For etcdmirror, I'd propose that we manually stop and start the service on conf2005, bracketing the etcd restart. If the timings today are representative, this should not result in a longer time window without replication (and thus risk of the last-replicated index falling off the 1000-event window) than temporarily switching to a peer host would. We will need to silence EtcdReplicationDown during the switch.

For PyBals located in codfw, I'm on the fence. If we consider (clean) PyBal restarts to be trivially safe, then it may actually reduce cognitive burden during the migration to migrate them away from conf2004 and back again (i.e., rather than having to run whack-a-mole restarts in response to edge cases around watch index recovery).

For PyBals located in codfw, I'm on the fence. If we consider (clean) PyBal restarts to be trivially safe, then it may actually reduce cognitive burden during the migration to migrate them away from conf2004 and back again (i.e., rather than having to run whack-a-mole restarts in response to edge cases around watch index recovery).

Sounds good, restarting PyBal one by one is perfectly fine to do and avoids help any surprises for later restarts as well.

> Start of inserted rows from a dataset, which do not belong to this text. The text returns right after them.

(* Let $G$ be a finite group and let $\{M_1,\dots,M_t\}$ be a maximal irredundant family of maximal subgroups of $G$. Then $\mathrm{core}_G(M_1\cap\dots\cap M_t)=\Phi(G)$, where $\Phi(G)$ is the Frattini subgroup of $G$ and $\mathrm{core}_G(X)$ is the largest normal subgroup of $G$ contained in $X$.
   Context: A set $\mathcal X$ of maximal subgroups of $G$ is irredundant if the intersection of the members of $\mathcal X$ is not equal to the intersection of the members of any proper subset of $\mathcal X$. An irredundant set is maximal irredundant if it is not properly contained in any other irredundant set of maximal subgroups of $G$. *)

theory Defs
  imports "HOL-Algebra.Algebra"
begin

definition maximal_subgroup :: "('a, 'b) monoid_scheme \<Rightarrow> 'a set \<Rightarrow> bool" where
  "maximal_subgroup G M \<longleftrightarrow> subgroup M G \<and> M \<noteq> carrier G \<and>
     (\<forall>H. subgroup H G \<and> M \<subseteq> H \<longrightarrow> H = M \<or> H = carrier G)"

text \<open>Intersection of a family of subsets of G, the empty family giving G itself.\<close>
definition grp_Inter :: "('a, 'b) monoid_scheme \<Rightarrow> 'a set set \<Rightarrow> 'a set" where
  "grp_Inter G Ms = {x \<in> carrier G. \<forall>M\<in>Ms. x \<in> M}"

definition frattini :: "('a, 'b) monoid_scheme \<Rightarrow> 'a set" where
  "frattini G = grp_Inter G {M. maximal_subgroup G M}"

definition irredundant :: "('a, 'b) monoid_scheme \<Rightarrow> 'a set set \<Rightarrow> bool" where
  "irredundant G Ms \<longleftrightarrow> (\<forall>M\<in>Ms. maximal_subgroup G M) \<and>
     (\<forall>Ns. Ns \<subset> Ms \<longrightarrow> grp_Inter G Ns \<noteq> grp_Inter G Ms)"

definition maximal_irredundant :: "('a, 'b) monoid_scheme \<Rightarrow> 'a set set \<Rightarrow> bool" where
  "maximal_irredundant G Ms \<longleftrightarrow> irredundant G Ms \<and>
     (\<forall>Ns. irredundant G Ns \<longrightarrow> \<not> Ms \<subset> Ns)"

definition is_core :: "('a, 'b) monoid_scheme \<Rightarrow> 'a set \<Rightarrow> 'a set \<Rightarrow> bool" where
  "is_core G S C \<longleftrightarrow> C \<lhd> G \<and> C \<subseteq> S \<and> (\<forall>N. N \<lhd> G \<and> N \<subseteq> S \<longrightarrow> N \<subseteq> C)"

end

theory Submission
  imports Defs
begin

text \<open>
  Conjugation permutes the maximal subgroups, so \<open>\<Phi>(G)\<close> is a normal subgroup contained in
  every maximal subgroup and hence in \<open>D = \<Inter>Ms\<close>. Conversely let \<open>N \<lhd> G\<close> with \<open>N \<subseteq> D\<close>,
  and suppose \<open>N \<not>\<subseteq> M\<close> for some maximal \<open>M\<close>. Then \<open>NM = G\<close>, so \<open>DM = G\<close>. Writing
  a witness \<open>y\<close> of the irredundancy of \<open>K \<in> Ms\<close> as \<open>y = d m\<close> with \<open>d \<in> D\<close>, \<open>m \<in> M\<close>
  turns it into a witness \<open>m \<in> M\<close> for \<open>K\<close> in \<open>Ms \<union> {M}\<close>, while any element of \<open>D - M\<close>
  witnesses \<open>M\<close>. So \<open>Ms \<union> {M}\<close> is irredundant, and maximality of \<open>Ms\<close> forces \<open>M \<in> Ms\<close>,
  i.e. \<open>N \<subseteq> M\<close> after all.
\<close>

text \<open>The ASCII multiset syntax \<open><#\<close> would make left cosets \<open>g <# H\<close> ambiguous.\<close>
no_notation (ASCII) subset_mset (infix \<open><#\<close> 50)

lemma grp_Inter_anti_mono: "Ns \<subseteq> Ms \<Longrightarrow> grp_Inter G Ms \<subseteq> grp_Inter G Ns"
  unfolding grp_Inter_def by auto

lemma grp_Inter_insert: "grp_Inter G (insert M Ms) = M \<inter> grp_Inter G Ms"
  unfolding grp_Inter_def by auto

lemma (in group) subgroup_grp_Inter:
  assumes "\<And>M. M \<in> Ms \<Longrightarrow> subgroup M G"
  shows "subgroup (grp_Inter G Ms) G"
  by (rule subgroup.intro) (auto simp: grp_Inter_def assms subgroup.m_closed subgroup.m_inv_closed
      subgroup.one_closed)

lemma maximal_subgroupI:
  assumes "subgroup M G" and "M \<noteq> carrier G"
    and "\<And>H. subgroup H G \<Longrightarrow> M \<subseteq> H \<Longrightarrow> H = M \<or> H = carrier G"
  shows "maximal_subgroup G M"
  using assms unfolding maximal_subgroup_def by simp

lemma maximal_subgroupD:
  assumes "maximal_subgroup G M"
  shows "subgroup M G" and "M \<noteq> carrier G"
    and "\<And>H. subgroup H G \<Longrightarrow> M \<subseteq> H \<Longrightarrow> H = M \<or> H = carrier G"
  using assms unfolding maximal_subgroup_def by simp_all

lemma (in group) conjugate_memI:
  "h \<in> H \<Longrightarrow> g \<otimes> h \<otimes> inv g \<in> g <# H #> inv g"
  unfolding l_coset_def r_coset_def by blast

lemma (in group) conjugate_mono:
  "H \<subseteq> K \<Longrightarrow> g <# H #> inv g \<subseteq> g <# K #> inv g"
  unfolding l_coset_def r_coset_def by (intro UN_mono) auto

lemma (in group) conjugate_carrier:
  assumes g: "g \<in> carrier G"
  shows "g <# carrier G #> inv g = carrier G"
proof
  show "g <# carrier G #> inv g \<subseteq> carrier G"
    by (rule r_coset_subset_G[OF l_coset_subset_G[OF subset_refl g] inv_closed[OF g]])
  show "carrier G \<subseteq> g <# carrier G #> inv g"
  proof
    fix x assume x: "x \<in> carrier G"
    have "g \<otimes> (inv g \<otimes> x \<otimes> g) \<otimes> inv g \<in> g <# carrier G #> inv g"
      using g x by (intro conjugate_memI) simp
    then show "x \<in> g <# carrier G #> inv g"
      unfolding conjugation_is_surj[OF g x] .
  qed
qed

lemma (in group) conjugate_inv_conjugate:
  assumes g: "g \<in> carrier G" and H: "H \<subseteq> carrier G"
  shows "inv g <# (g <# H #> inv g) #> g = H"
  using subgroup_conjugation_is_surj0[OF inv_closed[OF g] H] unfolding inv_inv[OF g] .

lemma (in group) maximal_subgroup_conjugate:
  assumes g: "g \<in> carrier G" and M: "maximal_subgroup G M"
  shows "maximal_subgroup G (g <# M #> inv g)"
proof (rule maximal_subgroupI)
  note sub = maximal_subgroupD(1)[OF M]
  show "subgroup (g <# M #> inv g) G"
    by (rule subgroup_conjugation_is_surj2[OF g sub])
  have M_eq: "inv g <# (g <# M #> inv g) #> g = M"
    by (rule conjugate_inv_conjugate[OF g subgroup.subset[OF sub]])
  show "g <# M #> inv g \<noteq> carrier G"
  proof
    assume conj_M: "g <# M #> inv g = carrier G"
    have "M = inv g <# carrier G #> g" using M_eq unfolding conj_M by (rule sym)
    also have "\<dots> = carrier G"
      using conjugate_carrier[OF inv_closed[OF g]] unfolding inv_inv[OF g] .
    finally show False using maximal_subgroupD(2)[OF M] by contradiction
  qed
  fix H assume H: "subgroup H G" "g <# M #> inv g \<subseteq> H"
  have "M \<subseteq> inv g <# H #> g"
    using conjugate_mono[OF H(2), of "inv g"] unfolding inv_inv[OF g] M_eq .
  then have "inv g <# H #> g = M \<or> inv g <# H #> g = carrier G"
    by (rule maximal_subgroupD(3)[OF M subgroup_conjugation_is_surj1[OF g H(1)]])
  moreover have H_eq: "H = g <# (inv g <# H #> g) #> inv g"
    using subgroup_conjugation_is_surj0[OF g subgroup.subset[OF H(1)]] by (rule sym)
  ultimately show "H = g <# M #> inv g \<or> H = carrier G"
  proof (elim disjE)
    assume conj_H: "inv g <# H #> g = M"
    show ?thesis using H_eq unfolding conj_H by (rule disjI1)
  next
    assume conj_H: "inv g <# H #> g = carrier G"
    show ?thesis using H_eq unfolding conj_H conjugate_carrier[OF g] by (rule disjI2)
  qed
qed

lemma (in group) normal_frattini: "frattini G \<lhd> G"
proof (rule normal_invI)
  show "subgroup (frattini G) G"
    unfolding frattini_def by (rule subgroup_grp_Inter) (simp add: maximal_subgroupD(1))
next
  fix x h assume x: "x \<in> carrier G" and h: "h \<in> frattini G"
  have "x \<otimes> h \<otimes> inv x \<in> M" if M: "maximal_subgroup G M" for M
  proof -
    have "maximal_subgroup G (inv x <# M #> x)"
      using maximal_subgroup_conjugate[OF inv_closed[OF x] M] unfolding inv_inv[OF x] .
    then have "h \<in> inv x <# M #> x"
      using h unfolding frattini_def grp_Inter_def by blast
    then have "x \<otimes> h \<otimes> inv x \<in> x <# (inv x <# M #> x) #> inv x"
      by (rule conjugate_memI)
    then show ?thesis
      unfolding subgroup_conjugation_is_surj0[OF x subgroup.subset[OF maximal_subgroupD(1)[OF M]]] .
  qed
  then show "x \<otimes> h \<otimes> inv x \<in> frattini G"
    using x h unfolding frattini_def grp_Inter_def by auto
qed

lemma irredundant_iff:
  "irredundant G Ms \<longleftrightarrow>
     (\<forall>M\<in>Ms. maximal_subgroup G M) \<and> (\<forall>K\<in>Ms. \<not> grp_Inter G (Ms - {K}) \<subseteq> K)"
proof -
  have "(\<forall>Ns. Ns \<subset> Ms \<longrightarrow> grp_Inter G Ns \<noteq> grp_Inter G Ms) \<longleftrightarrow>
        (\<forall>K\<in>Ms. \<not> grp_Inter G (Ms - {K}) \<subseteq> K)"
  proof
    assume irr: "\<forall>Ns. Ns \<subset> Ms \<longrightarrow> grp_Inter G Ns \<noteq> grp_Inter G Ms"
    show "\<forall>K\<in>Ms. \<not> grp_Inter G (Ms - {K}) \<subseteq> K"
    proof (intro ballI notI)
      fix K assume "K \<in> Ms" and "grp_Inter G (Ms - {K}) \<subseteq> K"
      then have "grp_Inter G (Ms - {K}) = grp_Inter G Ms"
        using grp_Inter_insert[of G K "Ms - {K}"] by (simp add: insert_absorb Int_absorb1)
      moreover have "Ms - {K} \<subset> Ms" using \<open>K \<in> Ms\<close> by blast
      ultimately show False using irr by blast
    qed
  next
    assume witness: "\<forall>K\<in>Ms. \<not> grp_Inter G (Ms - {K}) \<subseteq> K"
    show "\<forall>Ns. Ns \<subset> Ms \<longrightarrow> grp_Inter G Ns \<noteq> grp_Inter G Ms"
    proof (intro allI impI)
      fix Ns assume "Ns \<subset> Ms"
      then obtain K where "K \<in> Ms" "Ns \<subseteq> Ms - {K}" by blast
      then have "\<not> grp_Inter G Ns \<subseteq> K"
        using witness grp_Inter_anti_mono[of Ns "Ms - {K}" G] by blast
      moreover have "grp_Inter G Ms \<subseteq> K"
        using \<open>K \<in> Ms\<close> unfolding grp_Inter_def by auto
      ultimately show "grp_Inter G Ns \<noteq> grp_Inter G Ms" by blast
    qed
  qed
  then show ?thesis unfolding irredundant_def by blast
qed

lemma (in group) irredundant_insert:
  assumes Ms: "irredundant G Ms" and M: "maximal_subgroup G M"
    and supplement: "grp_Inter G Ms <#> M = carrier G"
  shows "irredundant G (insert M Ms)"
proof -
  let ?D = "grp_Inter G Ms"
  have maximal: "\<forall>K\<in>Ms. maximal_subgroup G K"
    and witness: "\<forall>K\<in>Ms. \<not> grp_Inter G (Ms - {K}) \<subseteq> K"
    using Ms unfolding irredundant_iff by auto
  have sub_Inter: "subgroup (grp_Inter G Ns) G" if "Ns \<subseteq> Ms" for Ns
    using that maximal by (intro subgroup_grp_Inter) (auto dest: maximal_subgroupD(1))
  have sub_M: "subgroup M G" by (rule maximal_subgroupD(1)[OF M])
  have D_not_M: "\<not> ?D \<subseteq> M"
  proof
    assume "?D \<subseteq> M"
    then have "?D <#> M \<subseteq> M <#> M" by (rule mono_set_mult) (rule subset_refl)
    then have "carrier G \<subseteq> M" unfolding supplement subgroup_mult_id[OF sub_M] .
    then show False
      using maximal_subgroupD(2)[OF M] subgroup.subset[OF sub_M] by blast
  qed
  then have "M \<notin> Ms" unfolding grp_Inter_def by blast
  have "\<not> grp_Inter G (insert M Ms - {K}) \<subseteq> K" if K: "K \<in> insert M Ms" for K
  proof (cases "K = M")
    case True
    then have "insert M Ms - {K} = Ms" using \<open>M \<notin> Ms\<close> by auto
    then show ?thesis using D_not_M True by simp
  next
    case False
    then have "K \<in> Ms" using K by simp
    then have sub_K: "subgroup K G" using maximal maximal_subgroupD(1) by blast
    obtain y where y: "y \<in> grp_Inter G (Ms - {K})" "y \<notin> K"
      using witness \<open>K \<in> Ms\<close> by blast
    then have "y \<in> carrier G" unfolding grp_Inter_def by simp
    then have "y \<in> ?D <#> M" unfolding supplement .
    then obtain d m where d: "d \<in> ?D" and m: "m \<in> M" and y_eq: "y = d \<otimes> m"
      unfolding set_mult_def by blast
    have d_carrier: "d \<in> carrier G" and m_carrier: "m \<in> carrier G"
      using d m subgroup.mem_carrier[OF sub_M] unfolding grp_Inter_def by auto
    have "inv d \<in> grp_Inter G (Ms - {K})"
      using subgroup.m_inv_closed[OF sub_Inter[OF subset_refl] d]
        grp_Inter_anti_mono[of "Ms - {K}" Ms G] by blast
    then have "inv d \<otimes> y \<in> grp_Inter G (Ms - {K})"
      by (rule subgroup.m_closed[OF sub_Inter[OF Diff_subset] _ y(1)])
    moreover have "inv d \<otimes> y = m"
      unfolding y_eq using d_carrier m_carrier by (simp add: m_assoc[symmetric])
    ultimately have "m \<in> grp_Inter G (insert M Ms - {K})"
      using m False grp_Inter_insert[of G M "Ms - {K}"] by (simp add: insert_Diff_if)
    moreover have "m \<notin> K"
    proof
      assume "m \<in> K"
      moreover have "d \<in> K" using d \<open>K \<in> Ms\<close> unfolding grp_Inter_def by blast
      ultimately have "y \<in> K" unfolding y_eq using subgroup.m_closed[OF sub_K] by blast
      then show False using y(2) by contradiction
    qed
    ultimately show ?thesis by blast
  qed
  moreover have "\<forall>K\<in>insert M Ms. maximal_subgroup G K" using maximal M by simp
  ultimately show ?thesis unfolding irredundant_iff by blast
qed

lemma (in group) normal_mult_maximal_subgroup_eq_carrier:
  assumes N: "N \<lhd> G" and M: "maximal_subgroup G M" and N_not_M: "\<not> N \<subseteq> M"
  shows "N <#> M = carrier G"
proof -
  have sub_N: "subgroup N G" and sub_M: "subgroup M G"
    using normal_imp_subgroup[OF N] maximal_subgroupD(1)[OF M] .
  have "M \<subseteq> N <#> M"
  proof
    fix m assume m: "m \<in> M"
    then have "\<one> \<otimes> m \<in> N <#> M"
      using subgroup.one_closed[OF sub_N] unfolding set_mult_def by blast
    then show "m \<in> N <#> M" using subgroup.mem_carrier[OF sub_M m] by simp
  qed
  moreover have "N \<subseteq> N <#> M"
  proof
    fix n assume n: "n \<in> N"
    then have "n \<otimes> \<one> \<in> N <#> M"
      using subgroup.one_closed[OF sub_M] unfolding set_mult_def by blast
    then show "n \<in> N <#> M" using subgroup.mem_carrier[OF sub_N n] by simp
  qed
  ultimately show ?thesis
    using maximal_subgroupD(3)[OF M mult_norm_subgroup[OF N sub_M]] N_not_M by blast
qed

lemma (in group) normal_subset_frattini:
  assumes Ms: "maximal_irredundant G Ms"
    and N: "N \<lhd> G" and N_sub: "N \<subseteq> grp_Inter G Ms"
  shows "N \<subseteq> frattini G"
proof -
  have irr: "irredundant G Ms" and no_ext: "\<And>Ns. irredundant G Ns \<Longrightarrow> \<not> Ms \<subset> Ns"
    using Ms unfolding maximal_irredundant_def by auto
  have "N \<subseteq> M" if M: "maximal_subgroup G M" for M
  proof (rule ccontr)
    assume "\<not> N \<subseteq> M"
    then have "N <#> M = carrier G" by (rule normal_mult_maximal_subgroup_eq_carrier[OF N M])
    then have "carrier G \<subseteq> grp_Inter G Ms <#> M"
      using mono_set_mult[OF N_sub subset_refl, of G M] by simp
    moreover have "grp_Inter G Ms <#> M \<subseteq> carrier G"
      using subgroup.subset[OF maximal_subgroupD(1)[OF M]]
      by (intro setmult_subset_G) (auto simp: grp_Inter_def)
    ultimately have "irredundant G (insert M Ms)"
      by (intro irredundant_insert[OF irr M]) (rule equalityI)
    then have "M \<in> Ms" using no_ext by blast
    then have "grp_Inter G Ms \<subseteq> M" unfolding grp_Inter_def by blast
    with \<open>\<not> N \<subseteq> M\<close> N_sub show False by blast
  qed
  moreover have "N \<subseteq> carrier G" using subgroup.subset[OF normal_imp_subgroup[OF N]] .
  ultimately show ?thesis unfolding frattini_def grp_Inter_def by blast
qed

theorem mainTheorem2:
  fixes G (structure) and Ms :: "'a set set"
  assumes "group G" and "finite (carrier G)"
    and "maximal_irredundant G Ms"
  shows "is_core G (grp_Inter G Ms) (frattini G)"
proof -
  interpret group G by fact
  have "Ms \<subseteq> {M. maximal_subgroup G M}"
    using assms(3) unfolding maximal_irredundant_def irredundant_iff by auto
  then have "frattini G \<subseteq> grp_Inter G Ms"
    unfolding frattini_def by (rule grp_Inter_anti_mono)
  then show ?thesis
    unfolding is_core_def using normal_frattini normal_subset_frattini[OF assms(3)] by simp
qed

end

Change #1203556 had a related patch set uploaded (by Scott French; author: Scott French):

[operations/puppet@production] hiera: temporarily point codfw LVS at conf2006

https://gerrit.wikimedia.org/r/1203556

Change #1203557 had a related patch set uploaded (by Scott French; author: Scott French):

[operations/puppet@production] hiera: switch codfw etcd-main cluster to cfssl/pki

https://gerrit.wikimedia.org/r/1203557

Thanks to @ssingh and @MoritzMuehlenhoff for the reviews.

Alas, the work described in T352245#11360536 could not happen today due to last-minute conflicts.

I also realized there are two aspects of the plan I had in mind that I need to double check, specifically around:

  1. how I was planning to handle etcd-mirror during the switch on conf2005 (i.e., coordination of manual etcd-mirror stop / start while also needing to run puppet-agent); and
  2. whether a preemptive leader move (i.e., to decouple from restarts) will be possible at all given the tricks we play with advertised client URLs.

I'll following up on these today.

Following up on the items mentioned in T352245#11367783:

  1. how I was planning to handle etcd-mirror during the switch on conf2005 (i.e., coordination of manual etcd-mirror stop / start while also needing to run puppet-agent); and

To recap, we don't want an ill-timed update to be replicated by etcd-mirror just as the the node-local etcd member is shutting down, since it risks a "torn" update (i.e., the observed update is applied to the local cluster, but the subsequent replication-index update fails; see Etcd2Writer.write) which is hard to recover from without a destructive reload.

Instead, when migrating conf2005, I was planning to manually stop etcd-mirror, run puppet agent to apply the certificate change to etcd, and then start etcd-mirror again.

That of course does not work if puppet's intent is for etcd-mirror to be running on the node - i.e., puppet will start it again, concurrent with restarting etcd.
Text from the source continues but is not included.